# REQUIREMENT
Scan the lines below and report each one containing "definition" by copying it.

# DATA SECTION
━━━━━━

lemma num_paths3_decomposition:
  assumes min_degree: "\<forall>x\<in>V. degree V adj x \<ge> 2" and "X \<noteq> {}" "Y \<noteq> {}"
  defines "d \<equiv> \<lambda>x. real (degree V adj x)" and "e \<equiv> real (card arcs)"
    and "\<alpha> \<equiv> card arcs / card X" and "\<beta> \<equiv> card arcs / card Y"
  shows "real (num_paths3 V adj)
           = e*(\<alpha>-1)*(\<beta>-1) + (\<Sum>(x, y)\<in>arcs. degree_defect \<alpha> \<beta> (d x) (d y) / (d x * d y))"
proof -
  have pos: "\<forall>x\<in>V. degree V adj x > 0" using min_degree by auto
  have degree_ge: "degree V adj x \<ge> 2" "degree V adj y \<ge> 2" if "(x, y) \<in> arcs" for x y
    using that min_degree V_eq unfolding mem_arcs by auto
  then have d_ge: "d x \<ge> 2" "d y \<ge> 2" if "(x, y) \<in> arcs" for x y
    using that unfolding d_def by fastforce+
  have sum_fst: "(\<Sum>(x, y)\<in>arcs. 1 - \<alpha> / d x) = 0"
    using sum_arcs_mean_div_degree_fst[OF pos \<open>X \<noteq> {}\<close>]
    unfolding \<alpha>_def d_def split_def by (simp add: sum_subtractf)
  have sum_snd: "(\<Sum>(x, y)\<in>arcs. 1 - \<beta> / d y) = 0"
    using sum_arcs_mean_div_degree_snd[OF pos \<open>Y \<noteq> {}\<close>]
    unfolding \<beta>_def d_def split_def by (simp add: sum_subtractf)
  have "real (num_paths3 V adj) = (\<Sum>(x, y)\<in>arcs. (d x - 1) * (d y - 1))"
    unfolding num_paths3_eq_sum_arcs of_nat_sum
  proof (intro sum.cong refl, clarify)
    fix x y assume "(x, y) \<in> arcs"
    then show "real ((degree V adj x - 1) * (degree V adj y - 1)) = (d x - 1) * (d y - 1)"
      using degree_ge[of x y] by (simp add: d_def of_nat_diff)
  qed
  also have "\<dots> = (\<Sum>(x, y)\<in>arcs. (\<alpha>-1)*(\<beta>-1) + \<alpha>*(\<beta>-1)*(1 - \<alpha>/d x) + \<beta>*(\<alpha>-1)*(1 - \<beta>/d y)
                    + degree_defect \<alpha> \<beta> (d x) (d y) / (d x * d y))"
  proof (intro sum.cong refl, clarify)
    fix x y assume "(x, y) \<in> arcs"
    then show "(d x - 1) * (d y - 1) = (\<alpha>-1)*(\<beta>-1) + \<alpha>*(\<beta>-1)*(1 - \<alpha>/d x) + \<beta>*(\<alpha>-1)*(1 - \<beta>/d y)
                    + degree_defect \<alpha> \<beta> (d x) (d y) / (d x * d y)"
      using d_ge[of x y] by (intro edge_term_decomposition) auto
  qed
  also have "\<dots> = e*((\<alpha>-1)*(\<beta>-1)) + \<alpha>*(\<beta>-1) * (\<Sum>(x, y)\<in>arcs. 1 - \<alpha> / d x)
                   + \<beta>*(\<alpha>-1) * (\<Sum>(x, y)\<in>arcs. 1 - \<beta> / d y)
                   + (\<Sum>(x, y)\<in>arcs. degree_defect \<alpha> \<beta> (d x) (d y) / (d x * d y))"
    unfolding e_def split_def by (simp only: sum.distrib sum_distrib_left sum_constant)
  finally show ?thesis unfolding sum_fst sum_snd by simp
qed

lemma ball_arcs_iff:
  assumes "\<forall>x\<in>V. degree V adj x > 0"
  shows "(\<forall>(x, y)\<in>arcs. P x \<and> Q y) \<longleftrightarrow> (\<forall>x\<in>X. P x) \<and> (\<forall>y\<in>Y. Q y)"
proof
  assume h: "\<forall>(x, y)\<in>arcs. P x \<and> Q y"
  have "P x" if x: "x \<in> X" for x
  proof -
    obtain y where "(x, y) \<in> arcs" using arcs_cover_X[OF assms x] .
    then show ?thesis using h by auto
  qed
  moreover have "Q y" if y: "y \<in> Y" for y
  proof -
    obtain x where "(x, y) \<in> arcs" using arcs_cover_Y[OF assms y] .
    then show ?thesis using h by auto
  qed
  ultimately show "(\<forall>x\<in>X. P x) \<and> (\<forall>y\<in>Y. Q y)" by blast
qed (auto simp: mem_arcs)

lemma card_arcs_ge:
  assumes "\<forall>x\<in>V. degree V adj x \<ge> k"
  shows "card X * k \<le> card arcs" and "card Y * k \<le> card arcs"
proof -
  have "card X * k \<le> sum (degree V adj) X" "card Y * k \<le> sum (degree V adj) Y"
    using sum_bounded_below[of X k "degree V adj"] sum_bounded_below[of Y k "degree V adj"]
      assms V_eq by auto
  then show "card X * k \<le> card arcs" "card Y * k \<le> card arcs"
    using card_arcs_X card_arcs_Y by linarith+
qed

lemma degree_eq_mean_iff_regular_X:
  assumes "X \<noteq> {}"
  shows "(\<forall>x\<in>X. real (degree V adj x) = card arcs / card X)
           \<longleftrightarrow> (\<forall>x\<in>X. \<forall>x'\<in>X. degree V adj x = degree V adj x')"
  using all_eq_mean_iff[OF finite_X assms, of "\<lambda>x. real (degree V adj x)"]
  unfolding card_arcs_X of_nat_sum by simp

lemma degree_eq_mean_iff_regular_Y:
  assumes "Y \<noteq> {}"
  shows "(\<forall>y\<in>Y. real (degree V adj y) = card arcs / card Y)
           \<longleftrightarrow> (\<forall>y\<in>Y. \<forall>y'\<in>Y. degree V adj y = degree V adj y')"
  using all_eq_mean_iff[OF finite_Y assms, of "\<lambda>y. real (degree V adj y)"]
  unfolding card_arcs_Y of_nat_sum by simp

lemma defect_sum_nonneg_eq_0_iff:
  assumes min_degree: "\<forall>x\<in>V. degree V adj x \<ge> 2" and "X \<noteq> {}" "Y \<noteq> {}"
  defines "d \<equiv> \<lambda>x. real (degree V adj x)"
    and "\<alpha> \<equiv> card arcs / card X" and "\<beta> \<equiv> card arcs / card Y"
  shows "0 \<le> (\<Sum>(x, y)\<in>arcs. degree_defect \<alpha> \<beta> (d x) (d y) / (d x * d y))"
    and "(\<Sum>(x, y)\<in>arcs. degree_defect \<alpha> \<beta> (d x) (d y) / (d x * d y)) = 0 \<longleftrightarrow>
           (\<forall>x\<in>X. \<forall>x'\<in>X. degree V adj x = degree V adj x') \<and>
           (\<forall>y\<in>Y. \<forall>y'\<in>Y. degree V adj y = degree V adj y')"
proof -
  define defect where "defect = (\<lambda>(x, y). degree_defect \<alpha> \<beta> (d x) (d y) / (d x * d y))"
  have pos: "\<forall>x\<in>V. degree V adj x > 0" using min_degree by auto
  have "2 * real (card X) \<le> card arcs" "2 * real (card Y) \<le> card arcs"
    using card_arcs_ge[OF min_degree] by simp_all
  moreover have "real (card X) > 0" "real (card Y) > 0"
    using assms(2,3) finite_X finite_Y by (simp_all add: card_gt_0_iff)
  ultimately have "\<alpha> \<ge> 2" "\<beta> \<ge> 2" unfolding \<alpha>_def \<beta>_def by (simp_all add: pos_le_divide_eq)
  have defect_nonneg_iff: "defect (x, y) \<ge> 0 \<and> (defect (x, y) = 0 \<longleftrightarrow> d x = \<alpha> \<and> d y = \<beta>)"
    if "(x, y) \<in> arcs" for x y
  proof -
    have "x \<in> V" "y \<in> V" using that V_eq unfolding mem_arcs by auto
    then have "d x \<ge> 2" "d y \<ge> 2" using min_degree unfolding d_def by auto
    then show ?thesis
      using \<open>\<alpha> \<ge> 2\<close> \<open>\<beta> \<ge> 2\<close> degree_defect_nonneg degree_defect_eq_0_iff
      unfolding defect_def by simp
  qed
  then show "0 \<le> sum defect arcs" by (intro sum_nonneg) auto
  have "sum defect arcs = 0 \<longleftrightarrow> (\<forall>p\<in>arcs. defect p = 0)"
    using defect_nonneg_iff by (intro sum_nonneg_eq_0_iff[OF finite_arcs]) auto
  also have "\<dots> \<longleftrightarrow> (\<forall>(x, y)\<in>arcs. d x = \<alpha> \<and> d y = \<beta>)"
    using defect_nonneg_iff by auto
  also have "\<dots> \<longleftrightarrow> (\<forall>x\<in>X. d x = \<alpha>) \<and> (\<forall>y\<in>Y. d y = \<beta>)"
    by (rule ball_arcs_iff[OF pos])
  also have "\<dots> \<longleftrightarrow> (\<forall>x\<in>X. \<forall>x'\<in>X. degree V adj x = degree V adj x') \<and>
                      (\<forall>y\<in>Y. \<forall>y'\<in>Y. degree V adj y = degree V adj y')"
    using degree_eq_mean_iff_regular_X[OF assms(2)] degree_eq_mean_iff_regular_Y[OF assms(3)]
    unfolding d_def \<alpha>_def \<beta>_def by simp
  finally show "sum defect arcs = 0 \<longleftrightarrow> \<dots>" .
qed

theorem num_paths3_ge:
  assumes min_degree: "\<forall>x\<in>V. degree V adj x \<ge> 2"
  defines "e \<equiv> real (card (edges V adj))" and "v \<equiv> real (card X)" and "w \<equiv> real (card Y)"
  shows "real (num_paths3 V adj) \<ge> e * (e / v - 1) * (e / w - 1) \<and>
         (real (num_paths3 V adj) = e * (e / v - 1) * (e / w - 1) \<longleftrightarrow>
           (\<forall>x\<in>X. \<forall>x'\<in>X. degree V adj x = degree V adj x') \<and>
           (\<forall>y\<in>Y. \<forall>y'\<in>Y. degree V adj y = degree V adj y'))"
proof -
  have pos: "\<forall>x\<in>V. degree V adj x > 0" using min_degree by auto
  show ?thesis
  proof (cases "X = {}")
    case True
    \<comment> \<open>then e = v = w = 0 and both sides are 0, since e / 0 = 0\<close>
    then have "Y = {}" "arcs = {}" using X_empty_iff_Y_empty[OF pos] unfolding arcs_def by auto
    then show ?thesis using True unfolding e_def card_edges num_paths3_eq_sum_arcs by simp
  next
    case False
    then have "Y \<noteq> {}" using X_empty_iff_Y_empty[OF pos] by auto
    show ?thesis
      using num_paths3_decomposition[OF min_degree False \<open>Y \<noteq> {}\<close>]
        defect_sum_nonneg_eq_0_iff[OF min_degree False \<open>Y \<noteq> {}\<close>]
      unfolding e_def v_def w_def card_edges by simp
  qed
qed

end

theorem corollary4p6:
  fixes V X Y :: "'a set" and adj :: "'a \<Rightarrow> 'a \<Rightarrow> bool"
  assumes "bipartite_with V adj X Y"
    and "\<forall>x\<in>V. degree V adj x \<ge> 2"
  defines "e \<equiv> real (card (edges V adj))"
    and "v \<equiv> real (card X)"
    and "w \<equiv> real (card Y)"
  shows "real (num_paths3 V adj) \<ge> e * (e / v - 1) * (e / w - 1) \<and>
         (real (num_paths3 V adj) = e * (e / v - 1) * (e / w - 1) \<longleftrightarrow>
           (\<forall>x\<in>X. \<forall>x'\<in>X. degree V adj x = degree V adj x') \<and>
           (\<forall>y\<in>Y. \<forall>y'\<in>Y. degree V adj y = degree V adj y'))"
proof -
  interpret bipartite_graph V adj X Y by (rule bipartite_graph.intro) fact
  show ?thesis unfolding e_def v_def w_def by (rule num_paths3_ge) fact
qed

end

━━━━━━

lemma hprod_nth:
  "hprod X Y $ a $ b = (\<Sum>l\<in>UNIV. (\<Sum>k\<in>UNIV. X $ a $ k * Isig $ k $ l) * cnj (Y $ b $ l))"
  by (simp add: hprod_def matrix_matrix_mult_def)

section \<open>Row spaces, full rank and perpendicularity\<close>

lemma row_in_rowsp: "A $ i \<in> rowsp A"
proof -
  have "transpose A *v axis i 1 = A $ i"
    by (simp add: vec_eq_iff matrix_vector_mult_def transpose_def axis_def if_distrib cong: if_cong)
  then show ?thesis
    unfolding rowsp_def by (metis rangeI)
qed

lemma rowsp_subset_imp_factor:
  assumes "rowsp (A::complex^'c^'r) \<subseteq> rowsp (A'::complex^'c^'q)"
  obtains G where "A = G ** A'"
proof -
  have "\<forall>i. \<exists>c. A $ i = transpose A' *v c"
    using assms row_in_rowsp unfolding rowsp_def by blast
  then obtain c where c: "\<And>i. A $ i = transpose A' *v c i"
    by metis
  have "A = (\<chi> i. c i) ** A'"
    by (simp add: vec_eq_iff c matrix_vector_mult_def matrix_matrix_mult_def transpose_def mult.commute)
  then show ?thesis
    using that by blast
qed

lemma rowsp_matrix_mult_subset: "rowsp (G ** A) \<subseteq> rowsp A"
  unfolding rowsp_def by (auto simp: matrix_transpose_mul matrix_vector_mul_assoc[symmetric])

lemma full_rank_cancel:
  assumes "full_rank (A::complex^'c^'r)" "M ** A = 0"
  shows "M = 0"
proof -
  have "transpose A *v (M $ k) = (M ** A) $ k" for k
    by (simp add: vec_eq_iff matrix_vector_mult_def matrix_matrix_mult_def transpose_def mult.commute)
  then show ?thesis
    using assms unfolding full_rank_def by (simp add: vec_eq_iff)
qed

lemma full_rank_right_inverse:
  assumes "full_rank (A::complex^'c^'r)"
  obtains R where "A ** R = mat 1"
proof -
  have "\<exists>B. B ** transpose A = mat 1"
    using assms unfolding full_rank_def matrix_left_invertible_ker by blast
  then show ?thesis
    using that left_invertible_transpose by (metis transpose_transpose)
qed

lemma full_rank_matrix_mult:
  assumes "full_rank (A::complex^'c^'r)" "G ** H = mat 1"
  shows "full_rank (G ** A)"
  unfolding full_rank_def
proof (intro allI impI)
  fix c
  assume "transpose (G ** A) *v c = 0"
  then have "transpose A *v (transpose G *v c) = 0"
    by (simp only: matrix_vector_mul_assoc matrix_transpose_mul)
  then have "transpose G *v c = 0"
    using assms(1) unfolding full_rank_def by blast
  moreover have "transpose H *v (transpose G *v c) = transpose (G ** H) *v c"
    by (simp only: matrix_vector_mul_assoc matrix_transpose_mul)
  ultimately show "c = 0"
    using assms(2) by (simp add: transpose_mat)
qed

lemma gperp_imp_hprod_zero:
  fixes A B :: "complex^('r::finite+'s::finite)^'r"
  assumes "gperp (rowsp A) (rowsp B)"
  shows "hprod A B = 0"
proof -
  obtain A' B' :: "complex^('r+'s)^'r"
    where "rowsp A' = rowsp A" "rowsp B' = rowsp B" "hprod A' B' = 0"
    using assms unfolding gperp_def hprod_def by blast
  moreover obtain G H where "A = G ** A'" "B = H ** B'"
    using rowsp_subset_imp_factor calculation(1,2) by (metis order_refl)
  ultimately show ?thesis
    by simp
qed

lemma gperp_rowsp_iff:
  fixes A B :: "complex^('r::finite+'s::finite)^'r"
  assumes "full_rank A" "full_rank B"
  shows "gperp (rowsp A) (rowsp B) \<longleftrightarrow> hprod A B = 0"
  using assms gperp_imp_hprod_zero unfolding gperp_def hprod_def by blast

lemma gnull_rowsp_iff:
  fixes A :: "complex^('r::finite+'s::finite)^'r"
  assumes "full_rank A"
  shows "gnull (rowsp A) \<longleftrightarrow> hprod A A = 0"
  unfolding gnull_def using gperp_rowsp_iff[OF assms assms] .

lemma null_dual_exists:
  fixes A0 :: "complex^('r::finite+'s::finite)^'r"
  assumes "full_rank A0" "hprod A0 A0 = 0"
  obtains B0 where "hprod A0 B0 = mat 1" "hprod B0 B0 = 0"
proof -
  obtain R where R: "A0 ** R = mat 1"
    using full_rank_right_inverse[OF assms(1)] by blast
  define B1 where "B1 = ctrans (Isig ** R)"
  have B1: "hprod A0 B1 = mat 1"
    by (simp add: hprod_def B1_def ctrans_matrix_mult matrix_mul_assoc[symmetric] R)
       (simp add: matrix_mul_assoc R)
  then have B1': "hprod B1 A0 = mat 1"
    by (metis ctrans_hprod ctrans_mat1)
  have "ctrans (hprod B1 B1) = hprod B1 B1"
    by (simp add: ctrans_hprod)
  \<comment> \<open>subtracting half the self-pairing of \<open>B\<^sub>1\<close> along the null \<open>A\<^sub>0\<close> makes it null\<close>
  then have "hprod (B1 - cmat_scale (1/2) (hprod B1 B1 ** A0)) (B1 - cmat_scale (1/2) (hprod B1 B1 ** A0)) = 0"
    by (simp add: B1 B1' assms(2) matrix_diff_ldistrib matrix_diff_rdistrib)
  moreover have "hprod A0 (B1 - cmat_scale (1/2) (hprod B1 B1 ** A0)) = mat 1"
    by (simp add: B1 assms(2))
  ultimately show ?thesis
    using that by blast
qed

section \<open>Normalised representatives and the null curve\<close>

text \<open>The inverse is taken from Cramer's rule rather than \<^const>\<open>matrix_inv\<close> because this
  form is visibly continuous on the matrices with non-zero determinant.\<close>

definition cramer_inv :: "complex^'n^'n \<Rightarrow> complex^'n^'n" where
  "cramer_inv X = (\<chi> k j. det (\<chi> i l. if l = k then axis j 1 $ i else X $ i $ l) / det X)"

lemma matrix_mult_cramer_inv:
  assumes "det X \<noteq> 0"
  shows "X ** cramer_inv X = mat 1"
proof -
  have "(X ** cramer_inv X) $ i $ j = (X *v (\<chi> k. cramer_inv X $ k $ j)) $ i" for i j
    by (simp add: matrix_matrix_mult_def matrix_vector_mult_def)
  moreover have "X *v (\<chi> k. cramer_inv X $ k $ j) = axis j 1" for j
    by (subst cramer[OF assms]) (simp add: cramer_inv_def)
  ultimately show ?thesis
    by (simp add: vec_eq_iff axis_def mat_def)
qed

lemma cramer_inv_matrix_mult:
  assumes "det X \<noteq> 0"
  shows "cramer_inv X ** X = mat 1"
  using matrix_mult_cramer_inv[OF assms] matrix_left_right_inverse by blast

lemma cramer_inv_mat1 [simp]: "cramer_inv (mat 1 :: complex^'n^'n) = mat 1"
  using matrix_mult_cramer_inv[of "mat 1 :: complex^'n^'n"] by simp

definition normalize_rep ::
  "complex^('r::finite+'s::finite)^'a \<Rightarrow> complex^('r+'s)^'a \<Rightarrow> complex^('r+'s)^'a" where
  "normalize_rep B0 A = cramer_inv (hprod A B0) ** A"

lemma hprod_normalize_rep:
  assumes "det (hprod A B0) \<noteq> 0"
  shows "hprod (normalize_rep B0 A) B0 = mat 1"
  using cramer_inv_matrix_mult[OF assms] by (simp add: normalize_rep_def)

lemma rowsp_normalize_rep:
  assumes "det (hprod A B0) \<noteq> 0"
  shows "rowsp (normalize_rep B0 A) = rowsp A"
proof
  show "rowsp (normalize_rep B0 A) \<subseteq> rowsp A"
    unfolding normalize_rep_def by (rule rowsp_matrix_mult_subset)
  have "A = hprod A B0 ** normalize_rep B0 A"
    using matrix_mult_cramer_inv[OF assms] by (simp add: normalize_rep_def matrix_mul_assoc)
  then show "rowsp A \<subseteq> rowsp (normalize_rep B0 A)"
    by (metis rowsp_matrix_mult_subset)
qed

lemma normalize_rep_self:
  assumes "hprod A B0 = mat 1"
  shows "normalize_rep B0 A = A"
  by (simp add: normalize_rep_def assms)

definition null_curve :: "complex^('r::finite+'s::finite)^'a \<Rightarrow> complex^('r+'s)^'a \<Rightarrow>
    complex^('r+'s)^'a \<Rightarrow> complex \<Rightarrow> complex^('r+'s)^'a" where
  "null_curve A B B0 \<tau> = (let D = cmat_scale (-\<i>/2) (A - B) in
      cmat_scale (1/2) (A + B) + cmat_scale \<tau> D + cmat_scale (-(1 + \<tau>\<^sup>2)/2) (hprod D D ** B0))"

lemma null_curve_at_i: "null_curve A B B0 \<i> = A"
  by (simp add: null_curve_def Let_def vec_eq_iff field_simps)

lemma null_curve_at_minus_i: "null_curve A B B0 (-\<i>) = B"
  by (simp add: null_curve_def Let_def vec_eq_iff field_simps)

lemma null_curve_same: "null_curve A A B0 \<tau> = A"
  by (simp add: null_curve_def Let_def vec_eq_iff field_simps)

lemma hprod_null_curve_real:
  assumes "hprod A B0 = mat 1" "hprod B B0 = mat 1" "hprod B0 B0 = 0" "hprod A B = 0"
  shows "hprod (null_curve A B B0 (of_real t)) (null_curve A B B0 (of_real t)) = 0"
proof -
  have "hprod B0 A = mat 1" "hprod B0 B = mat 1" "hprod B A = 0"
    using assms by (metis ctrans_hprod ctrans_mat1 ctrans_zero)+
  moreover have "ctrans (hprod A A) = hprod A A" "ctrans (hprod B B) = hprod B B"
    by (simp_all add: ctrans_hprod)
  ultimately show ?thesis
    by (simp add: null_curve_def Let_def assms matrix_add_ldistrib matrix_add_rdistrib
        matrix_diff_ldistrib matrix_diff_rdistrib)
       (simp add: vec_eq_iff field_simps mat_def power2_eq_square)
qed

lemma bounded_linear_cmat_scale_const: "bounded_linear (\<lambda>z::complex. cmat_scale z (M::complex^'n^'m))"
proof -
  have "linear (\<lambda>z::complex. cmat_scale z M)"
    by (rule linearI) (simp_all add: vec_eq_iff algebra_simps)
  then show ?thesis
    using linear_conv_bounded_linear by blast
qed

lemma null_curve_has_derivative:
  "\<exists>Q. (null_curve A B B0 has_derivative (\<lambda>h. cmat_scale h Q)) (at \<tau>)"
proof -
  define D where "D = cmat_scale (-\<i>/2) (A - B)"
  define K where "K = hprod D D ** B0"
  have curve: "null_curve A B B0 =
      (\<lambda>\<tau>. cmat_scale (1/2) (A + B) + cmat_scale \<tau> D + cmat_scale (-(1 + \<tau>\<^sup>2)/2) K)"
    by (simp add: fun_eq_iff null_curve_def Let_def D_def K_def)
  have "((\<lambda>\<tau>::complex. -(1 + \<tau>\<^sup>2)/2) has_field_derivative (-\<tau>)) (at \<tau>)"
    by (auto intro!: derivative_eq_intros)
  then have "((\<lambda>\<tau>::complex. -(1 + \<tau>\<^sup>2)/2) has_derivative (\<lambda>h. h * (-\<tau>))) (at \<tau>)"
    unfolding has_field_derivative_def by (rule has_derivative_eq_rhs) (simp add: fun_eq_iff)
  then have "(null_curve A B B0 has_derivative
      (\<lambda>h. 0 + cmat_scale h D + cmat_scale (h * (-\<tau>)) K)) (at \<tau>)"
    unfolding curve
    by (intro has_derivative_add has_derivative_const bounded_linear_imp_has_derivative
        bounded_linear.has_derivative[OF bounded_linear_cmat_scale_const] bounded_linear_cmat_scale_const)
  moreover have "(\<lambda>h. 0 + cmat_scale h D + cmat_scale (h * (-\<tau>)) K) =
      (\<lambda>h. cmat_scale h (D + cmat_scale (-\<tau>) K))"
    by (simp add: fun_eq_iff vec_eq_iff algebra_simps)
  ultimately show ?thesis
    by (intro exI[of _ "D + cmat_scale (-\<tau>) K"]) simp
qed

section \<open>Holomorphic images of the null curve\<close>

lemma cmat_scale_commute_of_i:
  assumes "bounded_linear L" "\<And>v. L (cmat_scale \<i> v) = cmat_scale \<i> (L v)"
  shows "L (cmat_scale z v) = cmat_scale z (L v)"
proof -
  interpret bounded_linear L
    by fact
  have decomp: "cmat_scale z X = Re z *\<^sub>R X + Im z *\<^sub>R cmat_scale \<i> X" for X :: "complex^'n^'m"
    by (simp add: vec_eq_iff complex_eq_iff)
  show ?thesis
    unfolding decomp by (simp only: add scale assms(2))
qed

━━━━━━

# EXPECTED ANSWER
definition cramer_inv :: "complex^'n^'n \<Rightarrow> complex^'n^'n" where
definition normalize_rep ::
definition null_curve :: "complex^('r::finite+'s::finite)^'a \<Rightarrow> complex^('r+'s)^'a \<Rightarrow>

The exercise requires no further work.